(TASK PROMPT)
Using the data below, return the stretch from the line that contains "x (x + n/2 - 1)" through the line that contains "exponential generating functions", both included, exactly as it stands and nothing beyond it.

[[ SOURCE RECORDS open ]]

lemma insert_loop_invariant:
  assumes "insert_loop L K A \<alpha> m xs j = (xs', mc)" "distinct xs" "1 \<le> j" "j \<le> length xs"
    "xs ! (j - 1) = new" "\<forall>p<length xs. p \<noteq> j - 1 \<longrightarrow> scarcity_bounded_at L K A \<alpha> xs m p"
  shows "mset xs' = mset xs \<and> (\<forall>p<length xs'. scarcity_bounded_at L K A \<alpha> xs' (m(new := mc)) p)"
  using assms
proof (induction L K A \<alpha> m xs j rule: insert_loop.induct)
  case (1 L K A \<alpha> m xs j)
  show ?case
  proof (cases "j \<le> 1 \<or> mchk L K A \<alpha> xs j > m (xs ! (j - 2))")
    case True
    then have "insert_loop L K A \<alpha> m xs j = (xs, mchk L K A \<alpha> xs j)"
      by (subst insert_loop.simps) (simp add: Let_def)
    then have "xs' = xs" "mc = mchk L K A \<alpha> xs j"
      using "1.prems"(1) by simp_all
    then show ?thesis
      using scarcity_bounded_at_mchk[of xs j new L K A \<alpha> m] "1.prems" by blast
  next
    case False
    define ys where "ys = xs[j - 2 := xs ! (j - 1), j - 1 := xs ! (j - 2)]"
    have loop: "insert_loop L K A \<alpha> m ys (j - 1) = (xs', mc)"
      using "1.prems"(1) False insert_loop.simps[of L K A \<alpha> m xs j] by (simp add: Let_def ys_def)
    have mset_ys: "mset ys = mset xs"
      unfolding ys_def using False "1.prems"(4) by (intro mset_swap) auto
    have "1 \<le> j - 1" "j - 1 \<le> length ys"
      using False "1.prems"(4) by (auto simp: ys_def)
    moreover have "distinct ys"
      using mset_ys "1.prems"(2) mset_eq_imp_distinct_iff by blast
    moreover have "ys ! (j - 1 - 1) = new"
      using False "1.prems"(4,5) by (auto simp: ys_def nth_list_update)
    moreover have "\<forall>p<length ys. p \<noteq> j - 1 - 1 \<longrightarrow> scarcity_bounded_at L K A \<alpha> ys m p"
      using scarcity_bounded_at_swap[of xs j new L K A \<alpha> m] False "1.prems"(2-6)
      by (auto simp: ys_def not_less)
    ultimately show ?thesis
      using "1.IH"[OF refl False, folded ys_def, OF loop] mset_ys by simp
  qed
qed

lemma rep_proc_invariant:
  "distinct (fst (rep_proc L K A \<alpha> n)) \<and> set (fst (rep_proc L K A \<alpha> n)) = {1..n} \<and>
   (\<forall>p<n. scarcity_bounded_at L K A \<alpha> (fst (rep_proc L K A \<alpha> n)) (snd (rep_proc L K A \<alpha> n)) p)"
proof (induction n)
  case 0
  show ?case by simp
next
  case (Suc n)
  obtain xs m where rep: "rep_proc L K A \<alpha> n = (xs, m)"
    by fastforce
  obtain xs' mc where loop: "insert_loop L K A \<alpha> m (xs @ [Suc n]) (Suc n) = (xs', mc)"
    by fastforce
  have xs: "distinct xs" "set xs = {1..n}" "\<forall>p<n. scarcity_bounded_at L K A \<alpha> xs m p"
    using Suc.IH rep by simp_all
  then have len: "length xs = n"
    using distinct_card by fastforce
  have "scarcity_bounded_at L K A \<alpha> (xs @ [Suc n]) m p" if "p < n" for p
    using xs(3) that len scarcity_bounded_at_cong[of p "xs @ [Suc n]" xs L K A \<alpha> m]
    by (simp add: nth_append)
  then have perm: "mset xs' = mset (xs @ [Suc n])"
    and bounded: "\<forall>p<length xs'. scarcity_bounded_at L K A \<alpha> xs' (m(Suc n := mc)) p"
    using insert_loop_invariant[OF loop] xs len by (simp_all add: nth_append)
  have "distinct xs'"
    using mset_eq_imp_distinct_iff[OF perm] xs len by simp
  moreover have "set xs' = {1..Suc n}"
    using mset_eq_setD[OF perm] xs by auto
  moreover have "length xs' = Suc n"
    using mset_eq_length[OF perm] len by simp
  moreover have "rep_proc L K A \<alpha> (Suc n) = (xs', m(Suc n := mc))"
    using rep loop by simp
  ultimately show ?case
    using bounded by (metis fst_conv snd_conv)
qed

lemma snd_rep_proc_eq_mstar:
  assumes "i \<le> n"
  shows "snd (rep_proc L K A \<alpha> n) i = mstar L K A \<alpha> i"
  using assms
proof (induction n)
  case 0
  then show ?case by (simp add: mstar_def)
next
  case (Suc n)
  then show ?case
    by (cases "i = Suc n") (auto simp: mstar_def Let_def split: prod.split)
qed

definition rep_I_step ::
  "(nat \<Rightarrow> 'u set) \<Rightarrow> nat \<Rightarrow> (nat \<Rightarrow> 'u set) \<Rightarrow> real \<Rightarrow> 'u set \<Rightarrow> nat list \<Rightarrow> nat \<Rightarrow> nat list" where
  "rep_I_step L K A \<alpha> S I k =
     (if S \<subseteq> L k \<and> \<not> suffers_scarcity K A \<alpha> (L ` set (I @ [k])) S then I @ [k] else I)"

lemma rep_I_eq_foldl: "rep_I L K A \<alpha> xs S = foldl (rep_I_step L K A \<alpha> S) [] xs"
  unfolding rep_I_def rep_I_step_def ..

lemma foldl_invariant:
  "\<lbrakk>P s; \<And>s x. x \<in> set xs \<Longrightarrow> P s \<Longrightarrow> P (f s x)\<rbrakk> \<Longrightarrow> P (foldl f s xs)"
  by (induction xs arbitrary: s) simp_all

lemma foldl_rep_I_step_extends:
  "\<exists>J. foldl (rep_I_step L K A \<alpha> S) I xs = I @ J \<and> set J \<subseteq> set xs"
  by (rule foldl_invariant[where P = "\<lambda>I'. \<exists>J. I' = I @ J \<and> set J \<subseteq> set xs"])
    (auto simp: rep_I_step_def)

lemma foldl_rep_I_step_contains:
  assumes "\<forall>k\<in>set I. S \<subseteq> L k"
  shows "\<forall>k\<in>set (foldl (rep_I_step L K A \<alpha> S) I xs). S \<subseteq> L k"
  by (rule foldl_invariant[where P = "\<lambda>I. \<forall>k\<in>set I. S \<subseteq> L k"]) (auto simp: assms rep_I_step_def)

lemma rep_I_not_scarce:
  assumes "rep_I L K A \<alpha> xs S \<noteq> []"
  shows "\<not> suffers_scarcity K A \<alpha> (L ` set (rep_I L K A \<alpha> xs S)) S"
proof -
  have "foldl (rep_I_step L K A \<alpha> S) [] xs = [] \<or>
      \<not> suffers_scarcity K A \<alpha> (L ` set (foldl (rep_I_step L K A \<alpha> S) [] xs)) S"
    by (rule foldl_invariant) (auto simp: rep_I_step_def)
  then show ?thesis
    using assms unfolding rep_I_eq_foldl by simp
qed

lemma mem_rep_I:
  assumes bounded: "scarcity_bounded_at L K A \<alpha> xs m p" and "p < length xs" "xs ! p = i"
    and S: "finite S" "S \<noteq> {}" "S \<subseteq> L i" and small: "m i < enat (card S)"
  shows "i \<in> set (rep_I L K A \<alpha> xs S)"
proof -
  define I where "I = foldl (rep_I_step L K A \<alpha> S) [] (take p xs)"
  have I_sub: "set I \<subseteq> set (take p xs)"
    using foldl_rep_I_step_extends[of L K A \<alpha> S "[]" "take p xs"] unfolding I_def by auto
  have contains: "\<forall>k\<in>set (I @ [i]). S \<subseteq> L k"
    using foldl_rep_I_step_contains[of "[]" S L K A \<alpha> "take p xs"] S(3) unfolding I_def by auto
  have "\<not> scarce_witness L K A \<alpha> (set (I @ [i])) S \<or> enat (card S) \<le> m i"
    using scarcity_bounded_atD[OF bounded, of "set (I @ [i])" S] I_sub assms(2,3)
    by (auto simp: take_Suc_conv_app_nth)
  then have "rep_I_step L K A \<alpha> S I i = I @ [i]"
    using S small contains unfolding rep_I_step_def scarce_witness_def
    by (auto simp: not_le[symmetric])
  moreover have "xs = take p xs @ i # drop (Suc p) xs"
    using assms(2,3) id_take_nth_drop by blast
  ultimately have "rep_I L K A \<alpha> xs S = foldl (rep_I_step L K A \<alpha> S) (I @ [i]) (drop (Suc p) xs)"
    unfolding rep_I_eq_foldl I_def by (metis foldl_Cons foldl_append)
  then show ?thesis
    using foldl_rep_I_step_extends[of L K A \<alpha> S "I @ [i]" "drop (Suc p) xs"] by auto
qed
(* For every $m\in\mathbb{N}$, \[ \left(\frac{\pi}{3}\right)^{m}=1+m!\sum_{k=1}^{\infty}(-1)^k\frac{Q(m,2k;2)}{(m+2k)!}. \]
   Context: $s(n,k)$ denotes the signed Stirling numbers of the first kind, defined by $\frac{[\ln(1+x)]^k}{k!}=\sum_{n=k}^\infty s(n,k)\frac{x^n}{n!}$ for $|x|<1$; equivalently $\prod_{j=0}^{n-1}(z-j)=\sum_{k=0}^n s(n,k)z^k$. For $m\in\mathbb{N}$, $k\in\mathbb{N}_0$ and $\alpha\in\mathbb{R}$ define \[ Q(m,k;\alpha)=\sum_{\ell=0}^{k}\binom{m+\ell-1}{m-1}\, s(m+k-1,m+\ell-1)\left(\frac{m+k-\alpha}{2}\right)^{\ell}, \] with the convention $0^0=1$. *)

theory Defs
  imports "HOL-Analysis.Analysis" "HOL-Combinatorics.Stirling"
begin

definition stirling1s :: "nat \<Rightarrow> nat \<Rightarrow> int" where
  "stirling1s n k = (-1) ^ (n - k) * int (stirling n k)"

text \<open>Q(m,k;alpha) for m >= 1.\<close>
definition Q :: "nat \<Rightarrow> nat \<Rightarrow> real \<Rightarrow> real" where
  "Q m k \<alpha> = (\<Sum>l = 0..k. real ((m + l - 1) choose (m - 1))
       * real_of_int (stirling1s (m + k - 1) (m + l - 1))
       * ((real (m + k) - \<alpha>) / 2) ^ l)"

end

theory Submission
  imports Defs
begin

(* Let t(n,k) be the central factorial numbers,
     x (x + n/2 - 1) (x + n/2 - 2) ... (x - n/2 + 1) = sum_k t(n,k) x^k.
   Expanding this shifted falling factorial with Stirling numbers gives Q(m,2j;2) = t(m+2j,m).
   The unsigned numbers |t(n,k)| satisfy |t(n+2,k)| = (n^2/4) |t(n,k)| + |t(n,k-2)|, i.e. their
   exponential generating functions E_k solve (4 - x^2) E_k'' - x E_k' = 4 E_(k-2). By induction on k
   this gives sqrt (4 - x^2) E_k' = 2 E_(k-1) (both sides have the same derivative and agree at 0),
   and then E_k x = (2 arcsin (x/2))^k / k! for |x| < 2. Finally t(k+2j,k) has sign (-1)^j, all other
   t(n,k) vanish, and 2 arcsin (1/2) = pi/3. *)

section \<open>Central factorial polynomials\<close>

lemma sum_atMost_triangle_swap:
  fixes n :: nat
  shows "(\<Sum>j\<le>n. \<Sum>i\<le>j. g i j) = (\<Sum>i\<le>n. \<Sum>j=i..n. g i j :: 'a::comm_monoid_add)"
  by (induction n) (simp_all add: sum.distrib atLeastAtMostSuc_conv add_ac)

[[ SOURCE RECORDS closed ]]

(SOLUTION TO THIS TASK)
     x (x + n/2 - 1) (x + n/2 - 2) ... (x - n/2 + 1) = sum_k t(n,k) x^k.
   Expanding this shifted falling factorial with Stirling numbers gives Q(m,2j;2) = t(m+2j,m).
   The unsigned numbers |t(n,k)| satisfy |t(n+2,k)| = (n^2/4) |t(n,k)| + |t(n,k-2)|, i.e. their
   exponential generating functions E_k solve (4 - x^2) E_k'' - x E_k' = 4 E_(k-2). By induction on k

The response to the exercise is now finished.